Other telcos also run similar promos that offer between 0Gp and 1Gp per minute to their customers for on-net calls. Tigo actually has a low default on-net rate of 3Gp per minute.
Adom News is reliably informed that the NCA, in its wisdom, thought those telcos who could afford to offer such low tariffs are threatening to run the smaller telcos out of business and eventually collapse the industry.
The NCA’s position, Adom News gathered, is based on avoiding a “clubbing effect”, where big players could use significantly low on-net pricing to either win customers of smaller players, or force the smaller players to also reduce their rates and thereby become less profitable and collapse, so that only a club of few big players would be left in the market.
Indeed, the findings of research by Sjaak Hurkens and Ángel López, on telecom tariffs regulation in Europe, published in the September 2014 issue of the Economic Journal concluded that “if off-net calls are more expensive than on-net calls, a consumer will prefer to join the operator with the larger market share because more calls will be on-net.”
So to prevent the “clubbing effect”, the NCA made the proposal to the telcos to place their on-net tariffs at a minimum of 4Gp, but the big telcos running the low on-net tariff promos are up in arms against the proposal and the matter is currently before the Electronic Communication Tribunal, which has the powers of a high court.

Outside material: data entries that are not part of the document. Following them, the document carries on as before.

section \<open>The function B\<close>

lemma one_plus_tanh_notin_nonpos_Reals:
  fixes z :: complex
  assumes "\<bar>Im z\<bar> < pi / 2"
  shows "cosh z \<noteq> 0" and "1 + tanh z \<notin> \<real>\<^sub>\<le>\<^sub>0"
proof -
  define u where "u = exp z ^ 2"
  have u: "u \<notin> \<real>\<^sub>\<le>\<^sub>0"
  proof
    assume "u \<in> \<real>\<^sub>\<le>\<^sub>0"
    moreover have u_exp: "u = exp (2 * z)" by (simp add: u_def exp_double)
    ultimately have "sin (2 * Im z) = 0" and Re_u: "Re u \<le> 0"
      by (auto simp: complex_nonpos_Reals_iff Im_exp)
    moreover have "-pi < 2 * Im z" "2 * Im z < pi" using assms by linarith+
    ultimately have "Im z = 0" using sin_eq_0_pi by force
    then show False using Re_u by (simp add: u_exp Re_exp)
  qed
  then have "u \<noteq> -1" by (auto simp: complex_nonpos_Reals_iff)
  then show "cosh z \<noteq> 0" by (simp add: cosh_zero_iff u_def)
  have u1: "u + 1 \<noteq> 0" using \<open>u \<noteq> -1\<close> by (metis add_eq_0_iff2)
  have "tanh z = (exp z * (exp z - inverse (exp z))) / (exp z * (exp z + inverse (exp z)))"
    by (simp add: tanh_altdef exp_minus)
  also have "\<dots> = (u - 1) / (u + 1)"
    by (simp add: u_def power2_eq_square algebra_simps)
  finally have "1 + tanh z = 2 * u / (u + 1)"
    using u1 by (simp add: field_simps)
  also have "\<dots> \<notin> \<real>\<^sub>\<le>\<^sub>0"
  proof
    assume "2 * u / (u + 1) \<in> \<real>\<^sub>\<le>\<^sub>0"
    then obtain r where r: "2 * u / (u + 1) = of_real r" "r \<le> 0"
      by (auto elim!: nonpos_Reals_cases)
    then have "u * of_real (2 - r) = of_real r"
      using u1 by (simp add: field_simps)
    then have "u = of_real (r / (2 - r))"
      using r(2) by (simp add: field_simps del: of_real_diff)
    moreover have "r / (2 - r) \<le> 0" using r(2) by (simp add: divide_nonpos_pos)
    ultimately show False using u by (metis nonpos_Reals_of_real_iff)
  qed
  finally show "1 + tanh z \<notin> \<real>\<^sub>\<le>\<^sub>0" .
qed

lemma Re_csqrt_pos:
  assumes "w \<notin> \<real>\<^sub>\<le>\<^sub>0"
  shows "Re (csqrt w) > 0"
proof (rule ccontr)
  define c where "c = csqrt w"
  assume "\<not> Re (csqrt w) > 0"
  then have Re0: "Re c = 0" using Re_csqrt[of w] by (simp add: c_def)
  have "c * c = w" using power2_csqrt[of w] by (simp add: c_def power2_eq_square)
  then have "Re w = (Re c)^2 - (Im c)^2" "Im w = 2 * Re c * Im c"
    by (auto simp: power2_eq_square)
  then have "w \<in> \<real>\<^sub>\<le>\<^sub>0" using Re0 by (simp add: complex_nonpos_Reals_iff)
  with assms show False by simp
qed

lemma abs_Im_lt_pi_half:
  assumes "z \<in> ball (0::complex) 1"
  shows "\<bar>Im z\<bar> < pi / 2"
proof -
  have "norm z < 1" using assms by simp
  then show ?thesis using abs_Im_le_cmod[of z] pi_gt3 by linarith
qed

Tigo and Vodafone think because the NCA has not declared a dominant player in the Ghanaian telecoms market, there is no justification in seeking to protect “smaller” players against big players.

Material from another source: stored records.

lemma abs_power3_le_power2_plus_power4: "\<bar>v::real\<bar> ^ 3 \<le> v ^ 2 + v ^ 4"
proof (cases "\<bar>v\<bar> \<le> 1")
  case True
  have "\<bar>v\<bar> ^ 3 = \<bar>v\<bar> * \<bar>v\<bar> ^ 2" by (simp add: power_def)
  also have "\<dots> \<le> v ^ 2" using True by (simp add: mult_left_le_one_le)
  finally show ?thesis by (simp add: add_increasing2)
next
  case False
  have "\<bar>v\<bar> ^ 3 \<le> \<bar>v\<bar> ^ 3 * \<bar>v\<bar>" using False by (simp add: mult_le_cancel_left1)
  also have "\<dots> = v ^ 4" by (simp add: power_def power_abs[symmetric] numeral_eq_Suc)
  finally show ?thesis by (simp add: add_increasing)
qed

lemma
  fixes R :: "real \<Rightarrow> real"
  assumes cont: "continuous_on UNIV R"
    and quadratic: "\<And>v. \<bar>R v\<bar> \<le> K * v\<^sup>2"
  shows integrable_std_normal_quadratic_remainder:
      "integrable lborel (\<lambda>v. std_normal_density v * (R v * v))"
    and integral_std_normal_quadratic_remainder_le:
      "\<bar>LINT v|lborel. std_normal_density v * (R v * v)\<bar> \<le> 4 * K"
proof -
  let ?\<phi> = std_normal_density
  let ?bound = "\<lambda>v. K * (?\<phi> v * v ^ 2) + K * (?\<phi> v * v ^ 4)"
  have K: "K \<ge> 0" using quadratic[of 1] by simp
  have bound_integrable: "integrable lborel ?bound"
    by (intro Bochner_Integration.integrable_add integrable_mult_right integrable_std_normal_moment)
  have pointwise: "\<bar>?\<phi> v * (R v * v)\<bar> \<le> ?bound v" for v
  proof -
    have "\<bar>?\<phi> v * (R v * v)\<bar> = ?\<phi> v * (\<bar>R v\<bar> * \<bar>v\<bar>)" by (simp add: abs_mult)
    also have "\<dots> \<le> ?\<phi> v * (K * v\<^sup>2 * \<bar>v\<bar>)"
      using quadratic[of v] by (intro mult_left_mono mult_right_mono) auto
    also have "\<dots> = K * (?\<phi> v * \<bar>v\<bar> ^ 3)" by (simp add: power_def numeral_eq_Suc)
    also have "\<dots> \<le> K * (?\<phi> v * (v ^ 2 + v ^ 4))"
      using K abs_power3_le_power2_plus_power4[of v] by (intro mult_left_mono) auto
    finally show ?thesis by (simp add: algebra_simps)
  qed
  have "(\<lambda>v. ?\<phi> v * (R v * v)) \<in> borel_measurable borel"
    unfolding std_normal_density_def
    by (intro borel_measurable_continuous_onI continuous_intros cont) auto
  then show integrable: "integrable lborel (\<lambda>v. ?\<phi> v * (R v * v))"
    by (intro Bochner_Integration.integrable_bound[OF bound_integrable])
       (auto intro!: order_trans[OF pointwise])
  have "\<bar>LINT v|lborel. ?\<phi> v * (R v * v)\<bar> \<le> (LINT v|lborel. ?bound v)"
    by (rule integral_abs_bound_integral[OF integrable bound_integrable pointwise])
  also have "\<dots> = K * (LINT v|lborel. ?\<phi> v * v ^ 2) + K * (LINT v|lborel. ?\<phi> v * v ^ 4)"
    using integrable_std_normal_moment[of 2] integrable_std_normal_moment[of 4] by simp
  also have "\<dots> = 4 * K"
    using integral_std_normal_moment_even[of 1] integral_std_normal_moment_even[of 2]
    by (simp add: fact_numeral)
  finally show "\<bar>LINT v|lborel. ?\<phi> v * (R v * v)\<bar> \<le> 4 * K" .
qed

lemma gs_deriv_minus_directional_derivative_le:
  fixes F :: "'a::euclidean_space \<Rightarrow> real"
  assumes grad: "\<And>y. (F has_derivative (\<lambda>h. gradF y \<bullet> h)) (at y)"
    and lip: "\<And>y \<eta>. norm (gradF (y + \<eta>) - gradF y) \<le> L * norm \<eta>"
    and L: "L \<ge> 0" and unit: "norm \<xi> = 1" and \<sigma>: "\<sigma> > 0"
  shows "\<bar>gs_deriv \<sigma> F x \<xi> - gradF x \<bullet> \<xi>\<bar> \<le> 4 * L * \<sigma>"
proof -
  let ?\<phi> = std_normal_density
  define c where "c = gradF x \<bullet> \<xi>"
  define g where "g v = F (x + (\<sigma> * v) *\<^sub>R \<xi>)" for v
  define R where "R v = g v - F x - \<sigma> * v * c" for v
  have R_le: "\<bar>R v\<bar> \<le> (L * \<sigma>\<^sup>2) * v\<^sup>2" for v
  proof -
    have "\<bar>R v\<bar> \<le> L * (norm ((\<sigma> * v) *\<^sub>R \<xi>))\<^sup>2"
      using first_order_remainder_le[OF grad lip L, of x "(\<sigma> * v) *\<^sub>R \<xi>"]
      by (simp add: R_def g_def c_def mult.assoc)
    also have "\<dots> = (L * \<sigma>\<^sup>2) * v\<^sup>2" using unit by (simp add: power_mult_distrib)
    finally show ?thesis .
  qed
  have "continuous_on UNIV F"
    using grad by (meson continuous_on_eq_continuous_at has_derivative_continuous open_UNIV)
  then have "continuous_on UNIV g"
    unfolding g_def by (rule continuous_on_compose2) (auto intro!: continuous_intros)
  then have R_cont: "continuous_on UNIV R"
    unfolding R_def by (intro continuous_intros)
  have split: "?\<phi> v * (g v * v) = F x * (?\<phi> v * v) + \<sigma> * c * (?\<phi> v * v ^ 2) + ?\<phi> v * (R v * v)"
    for v
    by (simp add: R_def algebra_simps power2_eq_square)
  have "(LINT v|lborel. ?\<phi> v * (g v * v)) = \<sigma> * c + (LINT v|lborel. ?\<phi> v * (R v * v))"
    unfolding split
    using integrable_std_normal_moment[of 1] integrable_std_normal_moment[of 2]
      integrable_std_normal_quadratic_remainder[OF R_cont R_le]
      integral_std_normal_moment_odd[of 0] integral_std_normal_moment_even[of 1]
    by (simp add: Bochner_Integration.integral_add)
  then have "gs_deriv \<sigma> F x \<xi> - c = (LINT v|lborel. ?\<phi> v * (R v * v)) / \<sigma>"
    unfolding gs_deriv_def g_def using \<sigma> by (simp add: field_simps)
  then have "\<bar>gs_deriv \<sigma> F x \<xi> - c\<bar> \<le> 4 * (L * \<sigma>\<^sup>2) / \<sigma>"
    using integral_std_normal_quadratic_remainder_le[OF R_cont R_le] \<sigma>
    by (simp add: divide_right_mono)
  also have "\<dots> = 4 * L * \<sigma>" using \<sigma> by (simp add: power2_eq_square)
  finally show ?thesis by (simp add: c_def)
qed

lemma norm_sum_orthonormal_power2:
  fixes \<Xi> :: "nat \<Rightarrow> 'a::real_inner"
  assumes orth: "\<And>i j. i < n \<Longrightarrow> j < n \<Longrightarrow> \<Xi> i \<bullet> \<Xi> j = (if i = j then 1 else 0)"
  shows "(norm (\<Sum>i<n. e i *\<^sub>R \<Xi> i))\<^sup>2 = (\<Sum>i<n. (e i)\<^sup>2)"
proof -
  have "(norm (\<Sum>i<n. e i *\<^sub>R \<Xi> i))\<^sup>2 = (\<Sum>i<n. \<Sum>j<n. e i * e j * (\<Xi> j \<bullet> \<Xi> i))"
    by (simp add: power2_norm_eq_inner inner_sum_left inner_sum_right sum_distrib_left
        mult.assoc mult.left_commute)
  also have "\<dots> = (\<Sum>i<n. \<Sum>j<n. if i = j then e i * e j else 0)"
    by (intro sum.cong refl) (simp add: orth)
  also have "\<dots> = (\<Sum>i<n. (e i)\<^sup>2)" by (simp add: power2_eq_square)
  finally show ?thesis .
qed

“If there was an official dominant player then the regulator would be right in seeking to protect smaller players against that player. But we don’t have one in our market so what is the point in regulating the retail tariffs,” one telco official asked.
They also argued that whatever tariff telcos offer their own customers for making calls among themselves, is the telco’s own business because it is the telco’s decision to give its customers free calls or not.
“Because of the regulated 4Gp per minute of interconnect rate, we cannot charge anything lower than 4Gp when the call is off-net, but on-net is our own money and it is between us and our customers,” they insist.
The telcos believe the NCA’s proposal will only thwart efforts by the telcos to excite their own customers.